Dataset entries:
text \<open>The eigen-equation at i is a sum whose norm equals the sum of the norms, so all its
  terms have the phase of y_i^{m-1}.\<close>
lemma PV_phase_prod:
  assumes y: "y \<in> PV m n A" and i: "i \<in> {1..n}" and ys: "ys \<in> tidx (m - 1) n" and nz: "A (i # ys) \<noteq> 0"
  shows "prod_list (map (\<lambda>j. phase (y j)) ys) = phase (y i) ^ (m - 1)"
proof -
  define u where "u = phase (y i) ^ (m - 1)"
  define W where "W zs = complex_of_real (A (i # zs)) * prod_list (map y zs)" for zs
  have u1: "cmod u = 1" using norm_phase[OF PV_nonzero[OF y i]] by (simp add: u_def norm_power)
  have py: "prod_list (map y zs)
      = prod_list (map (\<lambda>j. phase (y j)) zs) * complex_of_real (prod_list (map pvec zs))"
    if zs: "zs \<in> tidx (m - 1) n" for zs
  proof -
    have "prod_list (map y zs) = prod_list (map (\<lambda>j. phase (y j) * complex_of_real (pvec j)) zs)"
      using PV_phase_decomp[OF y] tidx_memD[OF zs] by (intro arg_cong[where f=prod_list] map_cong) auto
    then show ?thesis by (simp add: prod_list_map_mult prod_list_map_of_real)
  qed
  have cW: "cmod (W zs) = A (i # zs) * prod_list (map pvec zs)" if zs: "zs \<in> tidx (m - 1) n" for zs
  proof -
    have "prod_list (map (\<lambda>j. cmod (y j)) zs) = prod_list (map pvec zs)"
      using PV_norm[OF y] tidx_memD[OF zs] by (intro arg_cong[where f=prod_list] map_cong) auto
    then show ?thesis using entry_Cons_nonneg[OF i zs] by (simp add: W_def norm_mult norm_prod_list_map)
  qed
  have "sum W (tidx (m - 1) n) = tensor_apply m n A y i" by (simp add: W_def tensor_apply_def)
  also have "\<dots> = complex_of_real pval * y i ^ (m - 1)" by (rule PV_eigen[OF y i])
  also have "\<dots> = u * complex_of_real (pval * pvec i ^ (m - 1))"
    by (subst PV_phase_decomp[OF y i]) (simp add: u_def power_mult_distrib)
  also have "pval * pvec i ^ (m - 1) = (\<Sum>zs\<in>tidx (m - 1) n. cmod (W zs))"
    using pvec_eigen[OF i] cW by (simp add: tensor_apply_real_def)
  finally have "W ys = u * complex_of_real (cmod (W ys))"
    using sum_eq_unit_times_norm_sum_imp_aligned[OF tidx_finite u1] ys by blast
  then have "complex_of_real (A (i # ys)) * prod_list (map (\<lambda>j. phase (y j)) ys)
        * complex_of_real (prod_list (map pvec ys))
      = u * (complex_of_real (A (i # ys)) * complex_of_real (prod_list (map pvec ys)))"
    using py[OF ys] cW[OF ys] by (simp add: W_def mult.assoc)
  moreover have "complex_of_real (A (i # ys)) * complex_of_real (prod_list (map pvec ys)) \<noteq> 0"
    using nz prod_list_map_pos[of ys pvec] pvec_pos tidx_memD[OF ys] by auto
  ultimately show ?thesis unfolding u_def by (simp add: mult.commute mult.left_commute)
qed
* * *
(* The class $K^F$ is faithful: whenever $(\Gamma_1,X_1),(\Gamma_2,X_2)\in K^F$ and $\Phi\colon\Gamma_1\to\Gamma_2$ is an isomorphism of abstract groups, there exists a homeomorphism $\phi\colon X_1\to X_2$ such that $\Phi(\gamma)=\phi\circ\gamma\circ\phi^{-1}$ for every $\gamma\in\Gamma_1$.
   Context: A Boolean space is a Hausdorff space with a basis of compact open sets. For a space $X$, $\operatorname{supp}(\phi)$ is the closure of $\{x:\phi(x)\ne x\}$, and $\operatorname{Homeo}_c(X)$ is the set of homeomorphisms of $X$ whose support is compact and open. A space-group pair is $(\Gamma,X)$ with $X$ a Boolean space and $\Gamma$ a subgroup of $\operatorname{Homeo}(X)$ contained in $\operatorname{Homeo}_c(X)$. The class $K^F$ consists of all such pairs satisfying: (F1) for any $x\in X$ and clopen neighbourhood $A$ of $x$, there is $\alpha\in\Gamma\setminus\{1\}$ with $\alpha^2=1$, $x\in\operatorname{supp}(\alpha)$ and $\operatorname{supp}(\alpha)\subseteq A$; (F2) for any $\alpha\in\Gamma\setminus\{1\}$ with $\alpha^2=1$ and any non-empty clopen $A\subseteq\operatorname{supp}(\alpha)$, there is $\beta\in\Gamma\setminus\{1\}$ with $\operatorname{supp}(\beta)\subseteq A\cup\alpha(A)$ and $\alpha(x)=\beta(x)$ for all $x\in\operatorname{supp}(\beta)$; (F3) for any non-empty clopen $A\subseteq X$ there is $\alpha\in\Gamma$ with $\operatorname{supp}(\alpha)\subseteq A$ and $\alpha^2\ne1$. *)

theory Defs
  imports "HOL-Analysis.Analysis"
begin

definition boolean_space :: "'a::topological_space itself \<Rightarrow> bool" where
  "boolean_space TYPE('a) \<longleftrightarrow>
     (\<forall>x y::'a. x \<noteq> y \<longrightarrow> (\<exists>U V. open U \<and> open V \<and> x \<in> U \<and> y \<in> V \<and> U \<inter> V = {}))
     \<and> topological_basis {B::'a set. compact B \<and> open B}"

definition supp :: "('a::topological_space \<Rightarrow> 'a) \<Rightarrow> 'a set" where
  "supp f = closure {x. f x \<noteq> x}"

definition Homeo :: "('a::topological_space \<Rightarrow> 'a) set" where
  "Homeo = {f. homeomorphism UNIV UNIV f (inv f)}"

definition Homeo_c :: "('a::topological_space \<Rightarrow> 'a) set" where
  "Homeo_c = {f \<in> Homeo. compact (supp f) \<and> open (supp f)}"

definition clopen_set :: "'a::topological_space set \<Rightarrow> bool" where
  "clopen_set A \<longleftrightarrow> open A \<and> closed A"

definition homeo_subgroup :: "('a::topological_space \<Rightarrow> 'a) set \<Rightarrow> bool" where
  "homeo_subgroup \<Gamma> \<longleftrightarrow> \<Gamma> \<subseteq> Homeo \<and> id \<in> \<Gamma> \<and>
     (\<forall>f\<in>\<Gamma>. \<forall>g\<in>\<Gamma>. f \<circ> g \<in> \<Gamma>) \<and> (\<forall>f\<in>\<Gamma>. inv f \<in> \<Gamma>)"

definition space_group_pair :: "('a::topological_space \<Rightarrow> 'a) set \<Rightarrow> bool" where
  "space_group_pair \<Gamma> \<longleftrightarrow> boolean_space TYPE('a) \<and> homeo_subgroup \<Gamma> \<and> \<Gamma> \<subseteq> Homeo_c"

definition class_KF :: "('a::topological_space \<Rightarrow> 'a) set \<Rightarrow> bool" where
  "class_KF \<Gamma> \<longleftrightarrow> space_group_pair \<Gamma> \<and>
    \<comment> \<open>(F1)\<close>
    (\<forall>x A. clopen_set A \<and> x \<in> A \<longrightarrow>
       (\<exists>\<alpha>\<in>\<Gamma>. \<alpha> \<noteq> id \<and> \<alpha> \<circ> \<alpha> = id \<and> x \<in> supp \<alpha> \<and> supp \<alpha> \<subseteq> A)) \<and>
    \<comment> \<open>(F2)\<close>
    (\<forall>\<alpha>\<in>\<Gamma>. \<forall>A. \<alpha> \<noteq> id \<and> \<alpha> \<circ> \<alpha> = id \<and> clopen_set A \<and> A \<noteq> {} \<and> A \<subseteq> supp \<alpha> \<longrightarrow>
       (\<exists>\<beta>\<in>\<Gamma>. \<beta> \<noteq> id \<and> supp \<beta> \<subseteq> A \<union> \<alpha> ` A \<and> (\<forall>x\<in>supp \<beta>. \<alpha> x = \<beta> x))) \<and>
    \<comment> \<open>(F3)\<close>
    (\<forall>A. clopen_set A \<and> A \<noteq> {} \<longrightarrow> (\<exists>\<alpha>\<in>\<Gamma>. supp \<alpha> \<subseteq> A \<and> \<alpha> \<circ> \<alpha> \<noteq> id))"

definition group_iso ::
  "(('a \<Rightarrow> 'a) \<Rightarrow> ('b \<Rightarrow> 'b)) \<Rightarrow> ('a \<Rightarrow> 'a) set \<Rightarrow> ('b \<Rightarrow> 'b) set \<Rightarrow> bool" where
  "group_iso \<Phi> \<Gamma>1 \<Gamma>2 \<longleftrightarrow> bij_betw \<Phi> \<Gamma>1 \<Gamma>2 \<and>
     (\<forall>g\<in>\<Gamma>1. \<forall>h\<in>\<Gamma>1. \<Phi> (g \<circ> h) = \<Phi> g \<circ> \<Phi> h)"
* * *
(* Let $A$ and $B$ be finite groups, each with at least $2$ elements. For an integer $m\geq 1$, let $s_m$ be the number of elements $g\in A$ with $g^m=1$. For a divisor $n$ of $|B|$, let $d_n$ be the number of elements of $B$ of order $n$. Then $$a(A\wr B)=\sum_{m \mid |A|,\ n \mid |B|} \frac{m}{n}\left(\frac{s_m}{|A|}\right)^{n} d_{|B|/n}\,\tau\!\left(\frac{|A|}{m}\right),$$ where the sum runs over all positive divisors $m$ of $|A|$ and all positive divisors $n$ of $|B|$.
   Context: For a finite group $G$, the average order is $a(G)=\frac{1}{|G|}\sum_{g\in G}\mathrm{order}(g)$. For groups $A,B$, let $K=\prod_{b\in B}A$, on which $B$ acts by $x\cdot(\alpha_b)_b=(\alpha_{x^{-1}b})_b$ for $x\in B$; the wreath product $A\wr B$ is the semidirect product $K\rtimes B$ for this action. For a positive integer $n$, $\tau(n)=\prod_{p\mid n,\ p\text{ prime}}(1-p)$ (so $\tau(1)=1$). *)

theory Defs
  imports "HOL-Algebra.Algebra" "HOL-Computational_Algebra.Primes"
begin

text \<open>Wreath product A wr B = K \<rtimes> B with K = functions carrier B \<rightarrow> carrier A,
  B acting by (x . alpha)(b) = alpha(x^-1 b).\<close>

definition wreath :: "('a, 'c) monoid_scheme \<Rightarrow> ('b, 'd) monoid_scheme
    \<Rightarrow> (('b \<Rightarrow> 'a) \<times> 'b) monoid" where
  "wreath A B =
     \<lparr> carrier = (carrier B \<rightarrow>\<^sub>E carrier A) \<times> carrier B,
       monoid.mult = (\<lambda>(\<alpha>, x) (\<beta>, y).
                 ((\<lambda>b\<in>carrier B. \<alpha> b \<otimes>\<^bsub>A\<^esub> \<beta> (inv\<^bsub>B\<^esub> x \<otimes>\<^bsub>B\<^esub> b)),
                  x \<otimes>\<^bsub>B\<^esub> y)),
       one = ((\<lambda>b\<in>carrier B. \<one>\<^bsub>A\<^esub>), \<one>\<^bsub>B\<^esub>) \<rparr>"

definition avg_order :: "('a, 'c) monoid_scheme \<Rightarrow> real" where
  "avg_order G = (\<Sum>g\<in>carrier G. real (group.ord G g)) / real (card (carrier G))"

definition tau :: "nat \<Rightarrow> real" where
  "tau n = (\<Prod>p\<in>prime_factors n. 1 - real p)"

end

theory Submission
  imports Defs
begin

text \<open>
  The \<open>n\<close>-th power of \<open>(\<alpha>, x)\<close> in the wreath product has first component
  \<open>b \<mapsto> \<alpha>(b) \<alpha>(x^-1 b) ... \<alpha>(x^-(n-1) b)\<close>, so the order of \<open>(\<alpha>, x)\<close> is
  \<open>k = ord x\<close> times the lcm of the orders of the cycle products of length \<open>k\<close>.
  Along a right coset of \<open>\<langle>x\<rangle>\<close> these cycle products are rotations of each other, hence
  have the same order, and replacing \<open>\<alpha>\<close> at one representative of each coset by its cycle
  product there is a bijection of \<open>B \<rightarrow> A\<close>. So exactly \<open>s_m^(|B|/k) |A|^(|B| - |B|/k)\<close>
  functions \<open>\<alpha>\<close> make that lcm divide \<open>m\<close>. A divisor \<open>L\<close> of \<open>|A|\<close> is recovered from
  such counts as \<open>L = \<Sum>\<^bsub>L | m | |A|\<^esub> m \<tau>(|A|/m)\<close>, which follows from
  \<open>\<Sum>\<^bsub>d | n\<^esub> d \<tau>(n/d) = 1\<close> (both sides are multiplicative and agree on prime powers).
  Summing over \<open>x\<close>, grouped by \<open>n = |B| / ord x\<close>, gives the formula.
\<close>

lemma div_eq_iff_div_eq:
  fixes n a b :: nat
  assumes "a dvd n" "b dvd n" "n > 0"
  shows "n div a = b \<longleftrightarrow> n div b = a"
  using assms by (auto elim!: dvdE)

Work instruction: From the line holding "text \<open>The eigen-equation" to the line holding "add: u_def norm_power)", inclusive, restate each line above exactly as written.

Solved problem:
text \<open>The eigen-equation at i is a sum whose norm equals the sum of the norms, so all its
  terms have the phase of y_i^{m-1}.\<close>
lemma PV_phase_prod:
  assumes y: "y \<in> PV m n A" and i: "i \<in> {1..n}" and ys: "ys \<in> tidx (m - 1) n" and nz: "A (i # ys) \<noteq> 0"
  shows "prod_list (map (\<lambda>j. phase (y j)) ys) = phase (y i) ^ (m - 1)"
proof -
  define u where "u = phase (y i) ^ (m - 1)"
  define W where "W zs = complex_of_real (A (i # zs)) * prod_list (map y zs)" for zs
  have u1: "cmod u = 1" using norm_phase[OF PV_nonzero[OF y i]] by (simp add: u_def norm_power)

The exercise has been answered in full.